Ainge’s trades may have been the stuff of legend, but his free agency track record has not panned out as expected. His signings of Walker, Hayward, and Al Horford have largely been misses. Hayward’s return from injury made him feel like an odd man out, while Horford helped make the Celtics good, but not great. Meanwhile, Walker has so far struggled mightily even as he is surrounded with more talent than his days with the Charlotte Hornets.
Perhaps the knock on the Ainge regime more so in the past 10 years has been the relatively slow transition from accumulating to reaping the fruits of his shrewd moves. The Lakers themselves had Kobe’s twilight years, a six-year playoff drought, brought in LeBron and AD, and won a championship during that same stretch.
Even the Nets were able to form another “Big Three” with Irving, Kevin Durant, and James Harden in a span of two seasons. They’ve suddenly emerged as the favorites to win the Eastern Conference after also signing former All-Stars Blake Griffin and LaMarcus Aldridge to round out their rotation.

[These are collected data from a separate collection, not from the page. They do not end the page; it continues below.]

lemma Aut_A_ext_comp:
  assumes "f \<in> Aut_A_ext op rho phi psi eta alpha" and "g \<in> Aut_A_ext op rho phi psi eta alpha"
  shows "f \<circ> g \<in> Aut_A_ext op rho phi psi eta alpha"
proof -
  obtain z1 t1 l1 z2 t2 l2 where
    z: "z1 \<in> Aut_SR op rho" "z2 \<in> Aut_SR op rho" and
    t: "t1 \<in> Aut_Mod phi psi eta" "t2 \<in> Aut_Mod phi psi eta" and
    fg: "f = triangular_map z1 l1 t1" "g = triangular_map z2 l2 t2"
    using assms unfolding Aut_A_ext_triangular by blast
  have "f \<circ> g = triangular_map (z1 \<circ> z2) (\<lambda>x. l1 (z2 x) + t1 (l2 x)) (t1 \<circ> t2)"
    using t(1) by (simp add: fg triangular_map_comp Aut_Mod_def)
  then show ?thesis
    using assms Aut_SR_comp[OF z] Aut_Mod_comp[OF t]
    unfolding Aut_A_ext_triangular by (blast intro: Aut_SR_comp)
qed

lemma Aut_A_ext_inv:
  assumes "f \<in> Aut_A_ext op rho phi psi eta alpha"
  shows "inv_into UNIV f \<in> Aut_A_ext op rho phi psi eta alpha"
proof -
  obtain z t l where z: "z \<in> Aut_SR op rho" and t: "t \<in> Aut_Mod phi psi eta"
    and f: "f = triangular_map z l t"
    using assms unfolding Aut_A_ext_triangular by blast
  have "inv_into UNIV f =
      triangular_map (inv_into UNIV z) (\<lambda>x. - inv_into UNIV t (l (inv_into UNIV z x))) (inv_into UNIV t)"
    using z t unfolding f Aut_SR_def Aut_Mod_def by (blast intro: inv_triangular_map)
  then show ?thesis
    using assms Aut_SR_inv[OF z] Aut_Mod_inv[OF t]
    unfolding Aut_A_ext_triangular by (blast intro: Aut_SR_inv)
qed

lemma group_Aut_A_ext_group: "group (Aut_A_ext_group op rho phi psi eta alpha)"
  unfolding Aut_A_ext_group_def
  by (rule perm_groupI[OF Aut_A_ext_id _ Aut_A_ext_comp Aut_A_ext_inv])
    (simp add: Aut_A_ext_def Aut_SR_def)

lemma Gamma_SR_hom:
  "Gamma_SR \<in> hom (Aut_A_ext_group op rho phi psi eta alpha)
    (Aut_SR_group op rho \<times>\<times> Aut_Mod_group phi psi eta)"
proof (rule homI)
  fix f assume "f \<in> carrier (Aut_A_ext_group op rho phi psi eta alpha)"
  then obtain z t l where "z \<in> Aut_SR op rho" "t \<in> Aut_Mod phi psi eta" "f = triangular_map z l t"
    unfolding Aut_A_ext_group_def Aut_A_ext_triangular by auto
  then show "Gamma_SR f \<in> carrier (Aut_SR_group op rho \<times>\<times> Aut_Mod_group phi psi eta)"
    by (simp add: Gamma_SR_triangular_map Aut_Mod_zero DirProd_def Aut_SR_group_def Aut_Mod_group_def)
next
  fix f g
  assume "f \<in> carrier (Aut_A_ext_group op rho phi psi eta alpha)"
    and "g \<in> carrier (Aut_A_ext_group op rho phi psi eta alpha)"
  then obtain z1 t1 l1 z2 t2 l2 where
    t: "t1 \<in> Aut_Mod phi psi eta" "t2 \<in> Aut_Mod phi psi eta" and
    fg: "f = triangular_map z1 l1 t1" "g = triangular_map z2 l2 t2"
    unfolding Aut_A_ext_group_def Aut_A_ext_triangular by auto
  have "f \<circ> g = triangular_map (z1 \<circ> z2) (\<lambda>x. l1 (z2 x) + t1 (l2 x)) (t1 \<circ> t2)"
    using t(1) by (simp add: fg triangular_map_comp Aut_Mod_def)
  then show "Gamma_SR (f \<otimes>\<^bsub>Aut_A_ext_group op rho phi psi eta alpha\<^esub> g) =
    Gamma_SR f \<otimes>\<^bsub>Aut_SR_group op rho \<times>\<times> Aut_Mod_group phi psi eta\<^esub> Gamma_SR g"
    using t by (simp add: fg Gamma_SR_triangular_map Aut_Mod_zero
      Aut_A_ext_group_def DirProd_def Aut_SR_group_def Aut_Mod_group_def)
qed

definition lifting_cochain ::
    "('x \<Rightarrow> 'x \<Rightarrow> 'x) \<Rightarrow> ('x \<Rightarrow> 'x) \<Rightarrow> ('a::ab_group_add \<Rightarrow> 'a) \<Rightarrow> ('a \<Rightarrow> 'a) \<Rightarrow> ('a \<Rightarrow> 'a)
      \<Rightarrow> ('x \<Rightarrow> 'x \<Rightarrow> 'a) \<Rightarrow> ('x \<Rightarrow> 'x) \<Rightarrow> ('a \<Rightarrow> 'a) \<Rightarrow> ('x \<Rightarrow> 'a) \<Rightarrow> bool" where
  "lifting_cochain op rho phi psi eta alpha z t l \<longleftrightarrow>
    (\<forall>x y. l (op x y) + t (alpha x y) = phi (l x) + psi (l y) + alpha (z x) (z y)) \<and>
    (\<forall>x. l (rho x) = eta (l x))"

lemma lifting_cochain_id_iff_Z1_SR:
  "lifting_cochain op rho phi psi eta alpha id id l \<longleftrightarrow> l \<in> Z1_SR op rho phi psi eta"
  by (auto simp: lifting_cochain_def Z1_SR_def algebra_simps)

context
  fixes phi psi eta :: "'a::ab_group_add \<Rightarrow> 'a"
  assumes phi_hom: "grp_hom_endo phi" and psi_hom: "grp_hom_endo psi" and eta_hom: "grp_hom_endo eta"
begin

interpretation phi: additive phi using phi_hom by (simp add: additive_iff_grp_hom_endo)
interpretation psi: additive psi using psi_hom by (simp add: additive_iff_grp_hom_endo)
interpretation eta: additive eta using eta_hom by (simp add: additive_iff_grp_hom_endo)

lemma group_Z1_group: "group (Z1_group op rho phi psi eta)"
  unfolding Z1_group_def
proof (rule groupI, goal_cases)
  case (1 l m)
  have "phi (l x + m x) - (l (op x y) + m (op x y)) + psi (l y + m y) =
      (phi (l x) - l (op x y) + psi (l y)) + (phi (m x) - m (op x y) + psi (m y))" for x y
    by (simp add: phi.add psi.add algebra_simps)
  with 1 show ?case by (simp add: Z1_SR_def eta.add)
next
  case (5 l)
  have "phi (- l x) - - l (op x y) + psi (- l y) = - (phi (l x) - l (op x y) + psi (l y))" for x y
    by (simp add: phi.minus psi.minus algebra_simps)
  with 5 have "(\<lambda>x. - l x) \<in> Z1_SR op rho phi psi eta"
    by (simp add: Z1_SR_def eta.minus)
  then show ?case by (intro bexI[of _ "\<lambda>x. - l x"]) simp_all
qed (simp_all add: Z1_SR_def phi.zero psi.zero eta.zero add.assoc)

lemma triangular_map_in_Aut_A_ext_iff:
  assumes z: "z \<in> Aut_SR op rho" and t: "t \<in> Aut_Mod phi psi eta"
  shows "triangular_map z l t \<in> Aut_A_ext op rho phi psi eta alpha \<longleftrightarrow>
    lifting_cochain op rho phi psi eta alpha z t l"
proof -
  interpret t: additive t using t by (simp add: Aut_Mod_def additive_iff_grp_hom_endo)
  let ?xi = "triangular_map z l t"
  have op_iff: "?xi (ext_op op phi psi alpha (x, a) (y, b)) =
        ext_op op phi psi alpha (z x, l x + t a) (z y, l y + t b) \<longleftrightarrow>
       l (op x y) + t (alpha x y) = phi (l x) + psi (l y) + alpha (z x) (z y)" for x a y b
  proof -
    have "l (op x y) + t (phi a + psi b + alpha x y) =
        (l (op x y) + t (alpha x y)) + (phi (t a) + psi (t b))"
      using t by (simp add: t.add Aut_Mod_def algebra_simps)
    moreover have "phi (l x + t a) + psi (l y + t b) + alpha (z x) (z y) =
        (phi (l x) + psi (l y) + alpha (z x) (z y)) + (phi (t a) + psi (t b))"
      by (simp add: phi.add psi.add algebra_simps)
    ultimately show ?thesis
      using z by (simp add: ext_op_def Aut_SR_def)
  qed
  have rho_iff: "?xi (ext_rho rho eta (x, a)) = ext_rho rho eta (z x, l x + t a) \<longleftrightarrow>
      l (rho x) = eta (l x)" for x a
    using z t by (simp add: ext_rho_def Aut_SR_def Aut_Mod_def eta.add)
  have "bij ?xi"
    using z t by (simp add: bij_triangular_map Aut_SR_def Aut_Mod_def)
  then have "?xi \<in> Aut_SR (ext_op op phi psi alpha) (ext_rho rho eta) \<longleftrightarrow>
      lifting_cochain op rho phi psi eta alpha z t l"
    unfolding Aut_SR_def lifting_cochain_def split_paired_all by (simp add: op_iff rho_iff)
  then show ?thesis
    unfolding Aut_A_ext_triangular using z t by blast
qed

lemma Aut_A_extE:
  assumes "xi \<in> Aut_A_ext op rho phi psi eta alpha"
  obtains z t l where "z \<in> Aut_SR op rho" and "t \<in> Aut_Mod phi psi eta"
    and "xi = triangular_map z l t" and "lifting_cochain op rho phi psi eta alpha z t l"
  using assms triangular_map_in_Aut_A_ext_iff unfolding Aut_A_ext_triangular by blast

lemma iota_SR_in_Aut_A_ext_iff:
  "iota_SR l \<in> Aut_A_ext op rho phi psi eta alpha \<longleftrightarrow> l \<in> Z1_SR op rho phi psi eta"
  by (simp add: iota_SR_eq_triangular_map triangular_map_in_Aut_A_ext_iff[OF Aut_SR_id Aut_Mod_id]
      lifting_cochain_id_iff_Z1_SR)

lemma iota_SR_hom:
  "iota_SR \<in> hom (Z1_group op rho phi psi eta) (Aut_A_ext_group op rho phi psi eta alpha)"
proof (rule homI)
  show "iota_SR l \<in> carrier (Aut_A_ext_group op rho phi psi eta alpha)"
    if "l \<in> carrier (Z1_group op rho phi psi eta)" for l
    using that by (simp add: Z1_group_def Aut_A_ext_group_def iota_SR_in_Aut_A_ext_iff)
  show "iota_SR (l \<otimes>\<^bsub>Z1_group op rho phi psi eta\<^esub> m) =
      iota_SR l \<otimes>\<^bsub>Aut_A_ext_group op rho phi psi eta alpha\<^esub> iota_SR m" for l m
    by (auto simp: Z1_group_def Aut_A_ext_group_def iota_SR_def add.assoc)
qed

lemma kernel_Gamma_SR:
  "kernel (Aut_A_ext_group op rho phi psi eta alpha)
      (Aut_SR_group op rho \<times>\<times> Aut_Mod_group phi psi eta) Gamma_SR =
    iota_SR ` Z1_SR op rho phi psi eta"
proof -
  have "xi \<in> Aut_A_ext op rho phi psi eta alpha \<and> Gamma_SR xi = (id, id) \<longleftrightarrow>
      xi \<in> iota_SR ` Z1_SR op rho phi psi eta" for xi
  proof
    assume "xi \<in> Aut_A_ext op rho phi psi eta alpha \<and> Gamma_SR xi = (id, id)"
    then obtain z t l where "t \<in> Aut_Mod phi psi eta" and "xi = triangular_map z l t"
      and "lifting_cochain op rho phi psi eta alpha z t l" and "(z, t) = (id, id)"
      by (metis Aut_A_extE Gamma_SR_triangular_map Aut_Mod_zero)
    then show "xi \<in> iota_SR ` Z1_SR op rho phi psi eta"
      by (auto simp: iota_SR_eq_triangular_map lifting_cochain_id_iff_Z1_SR)
  next
    assume "xi \<in> iota_SR ` Z1_SR op rho phi psi eta"
    then obtain l where "l \<in> Z1_SR op rho phi psi eta" and xi: "xi = iota_SR l" by blast
    then have "xi \<in> Aut_A_ext op rho phi psi eta alpha"
      by (simp add: iota_SR_in_Aut_A_ext_iff)
    then show "xi \<in> Aut_A_ext op rho phi psi eta alpha \<and> Gamma_SR xi = (id, id)"
      by (simp add: xi iota_SR_eq_triangular_map Gamma_SR_triangular_map)
  qed
  then show ?thesis
    by (auto simp: kernel_def DirProd_def Aut_A_ext_group_def Aut_SR_group_def Aut_Mod_group_def)
qed

lemma B2_SR_zero: "(\<lambda>x y. 0) \<in> B2_SR op rho phi psi eta"
  unfolding B2_SR_def by (auto intro!: exI[of _ "\<lambda>x. 0"] simp: phi.zero psi.zero eta.zero)

lemma B2_SR_diff:
  assumes "s1 \<in> B2_SR op rho phi psi eta" and "s2 \<in> B2_SR op rho phi psi eta"
  shows "(\<lambda>x y. s1 x y - s2 x y) \<in> B2_SR op rho phi psi eta"
proof -
  obtain l1 l2 where
    "\<And>x. eta (l1 x) = l1 (rho x)" "s1 = (\<lambda>x y. phi (l1 x) - l1 (op x y) + psi (l1 y))"
    "\<And>x. eta (l2 x) = l2 (rho x)" "s2 = (\<lambda>x y. phi (l2 x) - l2 (op x y) + psi (l2 y))"
    using assms unfolding B2_SR_def by blast
  then show ?thesis
    unfolding B2_SR_def
    by (auto intro!: exI[of _ "\<lambda>x. l1 x - l2 x"] simp: phi.diff psi.diff eta.diff fun_eq_iff)
qed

While the onus on winning lies with the players and the coaches, Ainge will have to make the right decisions with a win-now mindset as his franchise cornerstones inch closer to their peaks. Adding veterans to shore up depth would naturally be the next move, but finding players complementary to Tatum, Brown, Smart, and Walker would be of greater importance.
Teams are more often than not judged by the championships they win and titles have so far been more dreams than reality for the Celtics. The objective is as clear as day, but Danny Ainge and the Boston Celtics will have to figure out how to get over the proverbial hump enroute to an NBA championship. After all, other teams that were previously way behind the curve have already surpassed them and won titles to boot.